5 February 2018

What we don’t know really can hurt us

Hospitals Patients

Under-reporting of hospital complication rates hides wide discrepancies in care, with the worst hospitals posing four times the risk of the top performers, a report from the Grattan Institute says.

The lack of transparency means patients and GPs cannot make informed choices, and even hospital clinicians are denied information on how their outcomes compare with the rest.

The new Grattan report says one in nine hospital patients in 2012-15 developed a complication in hospital on top of the condition for which they were admitted, affecting about 900,000 people a year. Among those who stayed overnight, the rate went up to one in four, or 725,00 patients annually.

The report calls for state and territory governments, administrators and insurers to release all their detailed data for public and private hospitals, showing the whole range of performance, from rare catastrophic errors to those that are less harmful but prevalent.

“At the moment, a veil of secrecy hangs over which hospitals and clinicians have higher rates of complications and which are safety leaders,” the report says.

“Hospital safety statistics are collected, but they are kept secret, not just from patients but from doctors and hospitals. This has to change.”

The report says patients have a right to know about complication rates in different hospitals and the outcomes for different procedures.

Lead author Dr Stephen Duckett said that, in the absence of hard information, clinicians were inclined to think all was well, unaware of shortfalls in their hospital’s performance.

“It’s something that every clinician should know,” Dr Duckett, the Grattan Institute’s Health Program Director,  told The Medical Republic.

“Hospitals need specific information, not average information, so they can drill down and interrogate to make things better,” he said.

The report says if all hospitals could be made as safe as the top 10%, more than a quarter of all complications could be avoided, preventing additional costs, suffering and time spent in care.

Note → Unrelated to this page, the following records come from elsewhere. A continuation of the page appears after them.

(* Let $U, X, Y, Z$ be uncertain variables on a common set $\Omega$, with finite ranges, forming a Markov chain $U - X - Y - Z$. Then $\mathcal{L}(U\rightarrow Z)\leq \mathcal{L}(U\rightarrow Y)$.
   Context: Let $\Omega$ be a set. An uncertain variable (uv) is a map $X:\Omega\to\mathbb{X}$ into some set; all uvs considered have finite ranges. The range of $X$ is $[\![X]\!]:=\{X(\omega):\omega\in\Omega\}$; the joint range of $X,Y$ is $[\![X,Y]\!]:=\{(X(\omega),Y(\omega)):\omega\in\Omega\}$; the conditional range is $[\![X\mid Y(\omega)=y]\!]:=\{X(\omega):\omega\in\Omega,\ Y(\omega)=y\}$, and similarly $[\![X\mid Z(\omega)=z,Y(\omega)=y]\!]:=\{X(\omega):\omega\in\Omega,\ Z(\omega)=z,\ Y(\omega)=y\}$. Uvs $X$ and $Y$ are unrelated if $[\![X\mid Y(\omega)=y]\!]=[\![X]\!]$ for all $y\in[\![Y]\!]$ and $[\![Y\mid X(\omega)=x]\!]=[\![Y]\!]$ for all $x\in[\![X]\!]$. Uvs $X,Y,Z$ form a Markov chain $X-Y-Z$ if $[\![X\mid Z(\omega)=z,Y(\omega)=y]\!]=[\![X\mid Y(\omega)=y]\!]$ for all $(z,y)\in[\![Z,Y]\!]$; $X_1-X_2-\cdots-X_n$ is a Markov chain if $X_i-X_j-X_\ell$ is a Markov chain for all $1\le i<j<\ell\le n$. The non-stochastic brute-force guessing leakage from a uv $U$ to a uv $Y$ is $$\mathcal{L}(U\rightarrow Y):=\log_2\left(\frac{|[\![U]\!]|}{\min_{y\in[\![Y]\!]}|[\![U\mid Y(\omega)=y]\!]|}\right)=\max_{y\in[\![Y]\!]}\log_2\left(\frac{|[\![U]\!]|}{|[\![U\mid Y(\omega)=y]\!]|}\right).$$ *)

theory Defs
  imports Complex_Main
begin

text \<open>Uncertain variables are functions on a common sample set \<Omega> (a carrier set).\<close>

definition urange :: "'o set \<Rightarrow> ('o \<Rightarrow> 'a) \<Rightarrow> 'a set" where
  "urange \<Omega> X = X ` \<Omega>"

definition ujrange :: "'o set \<Rightarrow> ('o \<Rightarrow> 'a) \<Rightarrow> ('o \<Rightarrow> 'b) \<Rightarrow> ('a \<times> 'b) set" where
  "ujrange \<Omega> X Y = (\<lambda>\<omega>. (X \<omega>, Y \<omega>)) ` \<Omega>"

definition ucrange :: "'o set \<Rightarrow> ('o \<Rightarrow> 'a) \<Rightarrow> ('o \<Rightarrow> 'b) \<Rightarrow> 'b \<Rightarrow> 'a set" where
  "ucrange \<Omega> X Y y = {X \<omega> | \<omega>. \<omega> \<in> \<Omega> \<and> Y \<omega> = y}"

definition ucrange2 :: "'o set \<Rightarrow> ('o \<Rightarrow> 'a) \<Rightarrow> ('o \<Rightarrow> 'c) \<Rightarrow> 'c \<Rightarrow> ('o \<Rightarrow> 'b) \<Rightarrow> 'b \<Rightarrow> 'a set" where
  "ucrange2 \<Omega> X Z z Y y = {X \<omega> | \<omega>. \<omega> \<in> \<Omega> \<and> Z \<omega> = z \<and> Y \<omega> = y}"

definition markov3 :: "'o set \<Rightarrow> ('o \<Rightarrow> 'a) \<Rightarrow> ('o \<Rightarrow> 'b) \<Rightarrow> ('o \<Rightarrow> 'c) \<Rightarrow> bool" where
  "markov3 \<Omega> X Y Z \<longleftrightarrow>
     (\<forall>(z, y) \<in> ujrange \<Omega> Z Y. ucrange2 \<Omega> X Z z Y y = ucrange \<Omega> X Y y)"

definition markov4 :: "'o set \<Rightarrow> ('o \<Rightarrow> 'u) \<Rightarrow> ('o \<Rightarrow> 'a) \<Rightarrow> ('o \<Rightarrow> 'b) \<Rightarrow> ('o \<Rightarrow> 'c) \<Rightarrow> bool" where
  "markov4 \<Omega> U X Y Z \<longleftrightarrow>
     markov3 \<Omega> U X Y \<and> markov3 \<Omega> U X Z \<and> markov3 \<Omega> U Y Z \<and> markov3 \<Omega> X Y Z"

definition leakage :: "'o set \<Rightarrow> ('o \<Rightarrow> 'u) \<Rightarrow> ('o \<Rightarrow> 'b) \<Rightarrow> real" where
  "leakage \<Omega> U Y =
     log 2 (real (card (urange \<Omega> U)) /
            real (Min ((\<lambda>y. card (ucrange \<Omega> U Y y)) ` urange \<Omega> Y)))"

end

theory Submission
  imports Defs
begin

text \<open>Only the chain \<open>U - Y - Z\<close> matters: for every value \<open>z\<close> of \<open>Z\<close>, pick \<open>\<omega>\<close> with
  \<open>Z \<omega> = z\<close> and put \<open>y = Y \<omega>\<close>. By the Markov property, observing \<open>y\<close> alone leaves exactly
  the values of \<open>U\<close> compatible with observing both \<open>z\<close> and \<open>y\<close>, so it narrows \<open>U\<close> down at
  least as much as observing \<open>z\<close>. Hence the smallest conditional range of \<open>U\<close> given \<open>Y\<close> is
  no larger than the smallest one given \<open>Z\<close>, and the leakage is antitone in that minimum.\<close>

definition min_ucard :: "'o set \<Rightarrow> ('o \<Rightarrow> 'u) \<Rightarrow> ('o \<Rightarrow> 'b) \<Rightarrow> nat" where
  "min_ucard \<Omega> U Y = Min ((\<lambda>y. card (ucrange \<Omega> U Y y)) ` urange \<Omega> Y)"

lemma leakage_eq_min_ucard:
  "leakage \<Omega> U Y = log 2 (real (card (urange \<Omega> U)) / real (min_ucard \<Omega> U Y))"
  unfolding leakage_def min_ucard_def ..

lemma ucrange_subset_urange: "ucrange \<Omega> U Y y \<subseteq> urange \<Omega> U"
  unfolding ucrange_def urange_def by auto

lemma finite_ucrange: "finite (urange \<Omega> U) \<Longrightarrow> finite (ucrange \<Omega> U Y y)"
  using ucrange_subset_urange finite_subset by metis

lemma ucrange_nonempty: "y \<in> urange \<Omega> Y \<Longrightarrow> ucrange \<Omega> U Y y \<noteq> {}"
  unfolding ucrange_def urange_def by auto

lemma urange_nonempty: "\<Omega> \<noteq> {} \<Longrightarrow> urange \<Omega> Y \<noteq> {}"
  unfolding urange_def by simp

lemma min_ucard_attained:
  assumes "\<Omega> \<noteq> {}" "finite (urange \<Omega> Y)"
  obtains y where "y \<in> urange \<Omega> Y" "min_ucard \<Omega> U Y = card (ucrange \<Omega> U Y y)"
proof -
  have "min_ucard \<Omega> U Y \<in> (\<lambda>y. card (ucrange \<Omega> U Y y)) ` urange \<Omega> Y"
    unfolding min_ucard_def using assms urange_nonempty[OF assms(1)] by (intro Min_in) auto
  then show ?thesis using that by blast
qed

lemma min_ucard_le:
  "finite (urange \<Omega> Y) \<Longrightarrow> y \<in> urange \<Omega> Y \<Longrightarrow> min_ucard \<Omega> U Y \<le> card (ucrange \<Omega> U Y y)"
  unfolding min_ucard_def by simp

lemma min_ucard_pos:
  assumes "\<Omega> \<noteq> {}" "finite (urange \<Omega> U)" "finite (urange \<Omega> Y)"
  shows "0 < min_ucard \<Omega> U Y"
proof -
  obtain y where "y \<in> urange \<Omega> Y" "min_ucard \<Omega> U Y = card (ucrange \<Omega> U Y y)"
    using min_ucard_attained assms(1,3) .
  then show ?thesis
    using finite_ucrange[OF assms(2)] ucrange_nonempty[of y \<Omega> Y U] by (simp add: card_gt_0_iff)
qed

lemma markov3_ucrange_refines:
  assumes "markov3 \<Omega> U Y Z" "z \<in> urange \<Omega> Z"
  obtains y where "y \<in> urange \<Omega> Y" "ucrange \<Omega> U Y y \<subseteq> ucrange \<Omega> U Z z"
proof -
  obtain \<omega> where \<omega>: "\<omega> \<in> \<Omega>" "Z \<omega> = z"
    using assms(2) unfolding urange_def by auto
  have "(z, Y \<omega>) \<in> ujrange \<Omega> Z Y"
    using \<omega> unfolding ujrange_def by auto
  then have "ucrange \<Omega> U Y (Y \<omega>) = ucrange2 \<Omega> U Z z Y (Y \<omega>)"
    using assms(1) unfolding markov3_def by auto
  also have "\<dots> \<subseteq> ucrange \<Omega> U Z z"
    unfolding ucrange2_def ucrange_def by auto
  finally show ?thesis
    using that \<omega>(1) unfolding urange_def by blast
qed

lemma min_ucard_mono_refines:
  assumes "\<Omega> \<noteq> {}" "finite (urange \<Omega> U)"
    and "finite (urange \<Omega> Y)" "finite (urange \<Omega> Z)"
    and refines: "\<And>z. z \<in> urange \<Omega> Z \<Longrightarrow>
                   \<exists>y \<in> urange \<Omega> Y. ucrange \<Omega> U Y y \<subseteq> ucrange \<Omega> U Z z"
  shows "min_ucard \<Omega> U Y \<le> min_ucard \<Omega> U Z"
proof -
  obtain z where z: "z \<in> urange \<Omega> Z" "min_ucard \<Omega> U Z = card (ucrange \<Omega> U Z z)"
    using min_ucard_attained assms(1,4) .
  obtain y where y: "y \<in> urange \<Omega> Y" "ucrange \<Omega> U Y y \<subseteq> ucrange \<Omega> U Z z"
    using refines[OF z(1)] by blast
  have "min_ucard \<Omega> U Y \<le> card (ucrange \<Omega> U Y y)"
    using min_ucard_le assms(3) y(1) .
  also have "\<dots> \<le> card (ucrange \<Omega> U Z z)"
    using y(2) finite_ucrange[OF assms(2)] by (rule card_mono[rotated])
  finally show ?thesis using z(2) by simp
qed

lemma leakage_antimono_min_ucard:
  assumes "\<Omega> \<noteq> {}" "finite (urange \<Omega> U)" "finite (urange \<Omega> Y)"
    and "min_ucard \<Omega> U Y \<le> min_ucard \<Omega> U Z"
  shows "leakage \<Omega> U Z \<le> leakage \<Omega> U Y"
proof -
  have "0 < min_ucard \<Omega> U Y"
    using min_ucard_pos assms(1-3) .
  moreover have "0 < card (urange \<Omega> U)"
    using assms(1,2) urange_nonempty by (simp add: card_gt_0_iff)
  ultimately have "real (card (urange \<Omega> U)) / real (min_ucard \<Omega> U Z)
                   \<le> real (card (urange \<Omega> U)) / real (min_ucard \<Omega> U Y)"
    and "0 < real (card (urange \<Omega> U)) / real (min_ucard \<Omega> U Z)"
    using assms(4) by (auto intro: divide_left_mono)
  then show ?thesis
    unfolding leakage_eq_min_ucard by simp
qed

theorem proposition1:
  fixes \<Omega> :: "'o set"
    and U :: "'o \<Rightarrow> 'u" and X :: "'o \<Rightarrow> 'a" and Y :: "'o \<Rightarrow> 'b" and Z :: "'o \<Rightarrow> 'c"
  assumes "\<Omega> \<noteq> {}"
    and "finite (urange \<Omega> U)" and "finite (urange \<Omega> X)"
    and "finite (urange \<Omega> Y)" and "finite (urange \<Omega> Z)"
    and "markov4 \<Omega> U X Y Z"
  shows "leakage \<Omega> U Z \<le> leakage \<Omega> U Y"
proof -
  have "markov3 \<Omega> U Y Z"
    using assms(6) unfolding markov4_def by simp
  then have "min_ucard \<Omega> U Y \<le> min_ucard \<Omega> U Z"
    using assms(1,2,4,5)
    by (intro min_ucard_mono_refines) (metis markov3_ucrange_refines)+
  then show ?thesis
    using assms(1,2,4) by (rule leakage_antimono_min_ucard[rotated 3])
qed

end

“Doctors and hospitals need to know how they are performing compared to their peers, so that they can learn from the best-performing hospitals and clinicians,” the report says.

“The additional risk of a complication at the worst-performing hospitals can be four times higher than at the best performers.”

To compile the report –titled All complications should count: Using our data to make hospitals safer – Grattan Institute researchers analysed de-identified coded hospital data for the period 2012-15, adjusting for risk.

“It is now possible for a hospital to know the rate of complications which occurred for a patient in a given demographic having a given procedure in the past year,” the report says.

“Patients should know that information too, so they can appreciate the risks they face.”

An analysis of cardiac admissions shows the disparity can be substantial.

A patient with an average risk profile in New South Wales faces a 38% higher risk of a complication if they attend the least safe hospital relative to the states’ safest hospitals, the report says.

However, current monitoring does not even attempt to record all the complications that arise in hospitals.

It hinges on eight so-called “sentinel events”, which are very serious, mostly considered to be preventable, and are rare, occurring at a rate of about 100 a year. Since last year, an admission that involves a sentinel event is denied a commonwealth subsidy.

From July this year, penalties will also apply for some of the 16 designated Hospital Acquired Complications (HACs).

Such events – including pressure injury, falls resulting in fracture, and healthcare-associated infections – accounted for just 1.72% of all admissions, according to the report.

The list does not include a multitude of complications that, while less serious, add to the burdens on patients and the health system.

“The focus on a narrow HACS list also means that some hospitals with low HACs rates may be misled into believing they have no scope to improve, when in fact they may have considerable scope to reduce complications not on the HACs list,” the report says.

The authors argue that improvements in patient safety will come by learning from all complications and capturing exceptionally good results as well as average outcomes and causes for concern.

“Many patients are considered high-risk for complications due to the severity of their comorbidities,” they write.  “Yet by excluding most complications from transparent reporting practices, we provide insufficient support for clinicians  who are striving to achieve better outcomes for these patients.”

The report highlights the fact that a hospital can have a higher rate of complications than its peers, but still have a lower rate than expected given the risk profile of its patients.